God has His reasons for everything that happens to us–the good, the bad, and, yes, even the really, really ugly stuff. He really does causes ALL things to work together for good to those who love Him (Rom. 8:28). In the past four years since arriving in Houston and, subsequently, being fired almost seven months later, I’ve been through the really, really ugly stuff, but from the midst of the ugly stuff, God has changed me from the inside out. My faith that was faltering is now vibrant, and I can’t imagine living life on the fringes anymore. While it’s been 3 1/2 years since I was fired from that job, in the past year and a half my passion for writing has exploded on the pages of this blog. In fact, I can’t stop . . . everyday something new crosses my path, and the world has opened up to me in a way that never would have happened if all of that “ugly stuff” hadn’t been a part of my life. And yes, I’m still unemployed by society’s standards, but we who truly believe in God through Jesus Christ “live (and walk) by faith and not by sight” (2 Cor. 5:7). Society’s labels don’t matter.

“And without faith it is impossible to please God, because anyone who comes to Him must believe that He exists and that He rewards those who earnestly seek Him” (Heb. 11:6). “He who searches our hearts knows the mind of the Spirit, because the Spirit intercedes for the saints in accordance with God’s will . . . for those God foreknew He also predestined to be conformed to the likeness of His Son” (Rom. 8:26-30).

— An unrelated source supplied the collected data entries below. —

lemma has_derivative_energy:
  assumes "t \<ge> t0"
  shows "(energy has_real_derivative - dissipation t) (at t within {t0..})"
proof -
  define X where "X = (\<Sum>i\<in>UNIV. \<Sum>j\<in>UNIV. \<alpha> i j * ((v i t - v j t) * (x i t - x j t)))"
  have "((\<lambda>t. \<Sum>i\<in>UNIV. (v i t - mean)\<^sup>2) has_real_derivative
      2 * (\<Sum>i\<in>UNIV. (v i t - mean) * u i t)) (at t within {t0..})"
    using assms by (auto intro!: derivative_eq_intros has_derivative_v sum.cong
        simp: sum_distrib_left algebra_simps)
  moreover have "(potential has_real_derivative 2 * X) (at t within {t0..})"
    unfolding potential_def[abs_def] X_def using assms
    by (auto intro!: derivative_eq_intros dx sum.cong simp: sum_distrib_left algebra_simps)
  ultimately have "(energy has_real_derivative
      2 * (\<Sum>i\<in>UNIV. (v i t - mean) * u i t) / 2 + 2 * X / 4) (at t within {t0..})"
    unfolding energy_def[abs_def] by (intro DERIV_add DERIV_cdivide)
  moreover have "2 * (\<Sum>i\<in>UNIV. (v i t - mean) * u i t) / 2 + 2 * X / 4 = - dissipation t"
    unfolding velocity_work_eq X_def[symmetric] by (simp add: field_simps)
  ultimately show ?thesis
    by simp
qed

lemma energy_antimono: "t0 \<le> a \<Longrightarrow> a \<le> b \<Longrightarrow> energy b \<le> energy a"
  using deriv_nonneg_imp_mono_atLeast[of t0 "\<lambda>t. - energy t" dissipation a b]
    DERIV_minus[OF has_derivative_energy] dissipation_nonneg by simp

lemma potential_edge_le: "\<alpha> i j * (x i t - x j t)\<^sup>2 \<le> potential t"
proof -
  have "\<alpha> i j * (x i t - x j t)\<^sup>2 \<le> (\<Sum>j\<in>UNIV. \<alpha> i j * (x i t - x j t)\<^sup>2)"
    by (rule member_le_sum) (auto intro: mult_nonneg_nonneg nonneg)
  also have "\<dots> \<le> potential t"
    unfolding potential_def by (rule member_le_sum) (auto intro!: sum_nonneg mult_nonneg_nonneg nonneg)
  finally show ?thesis .
qed

lemma potential_le_energy: "potential t \<le> 4 * energy t"
  unfolding energy_def by (simp add: sum_nonneg)

lemma velocity_deviation_le_energy: "(v i t - mean)\<^sup>2 \<le> 2 * energy t"
proof -
  have "(v i t - mean)\<^sup>2 \<le> (\<Sum>i\<in>UNIV. (v i t - mean)\<^sup>2)"
    by (rule member_le_sum) auto
  then show ?thesis
    unfolding energy_def using potential_nonneg[of t] by simp
qed

lemma bounded_velocity: "bounded (v i ` {t0..})"
proof -
  have "\<bar>v i t - mean\<bar> \<le> sqrt (2 * energy t0)" if "t \<ge> t0" for t
    using velocity_deviation_le_energy[of i t] energy_antimono[OF order_refl that]
    by (intro real_le_rsqrt) simp
  then have "\<bar>v i t\<bar> \<le> \<bar>mean\<bar> + sqrt (2 * energy t0)" if "t \<ge> t0" for t
    using that by fastforce
  then show ?thesis
    unfolding bounded_real by auto
qed

lemma bounded_position_diff: "bounded ((\<lambda>t. x i t - x j t) ` {t0..})"
  using conn
proof (rule graph_connected_pairwise)
  fix i j k
  assume "bounded ((\<lambda>t. x i t - x j t) ` {t0..})" "bounded ((\<lambda>t. x j t - x k t) ` {t0..})"
  from bounded_plus_comp[OF this] show "bounded ((\<lambda>t. x i t - x k t) ` {t0..})"
    by simp
next
  fix i j assume "\<alpha> i j > 0"
  have "\<bar>x i t - x j t\<bar> \<le> sqrt (4 * energy t0 / \<alpha> i j)" if "t \<ge> t0" for t
  proof (rule real_le_rsqrt)
    have "\<alpha> i j * (x i t - x j t)\<^sup>2 \<le> 4 * energy t0"
      using potential_edge_le[of i j t] potential_le_energy[of t] energy_antimono[OF order_refl that]
      by linarith
    with \<open>\<alpha> i j > 0\<close> show "\<bar>x i t - x j t\<bar>\<^sup>2 \<le> 4 * energy t0 / \<alpha> i j"
      by (simp add: pos_le_divide_eq mult.commute)
  qed
  then show "bounded ((\<lambda>t. x i t - x j t) ` {t0..})"
    unfolding bounded_real by auto
qed (auto simp: bounded_real)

“Predestined to be conformed to the likeness of His Son . . . .” For the Christian, that’s what this life is all about. And it’s in the “ugly stuff” that life sends our way that we come face-to-face and experience this truth, if we let it . . .

. . . because it’s not about us, it’s about Him . . . .

“And the God of all grace,
who called you to His eternal glory in Christ,
after you have suffered a little while,
will Himself restore you
and make you strong,
firm and steadfast.
To Him be the power for ever and ever.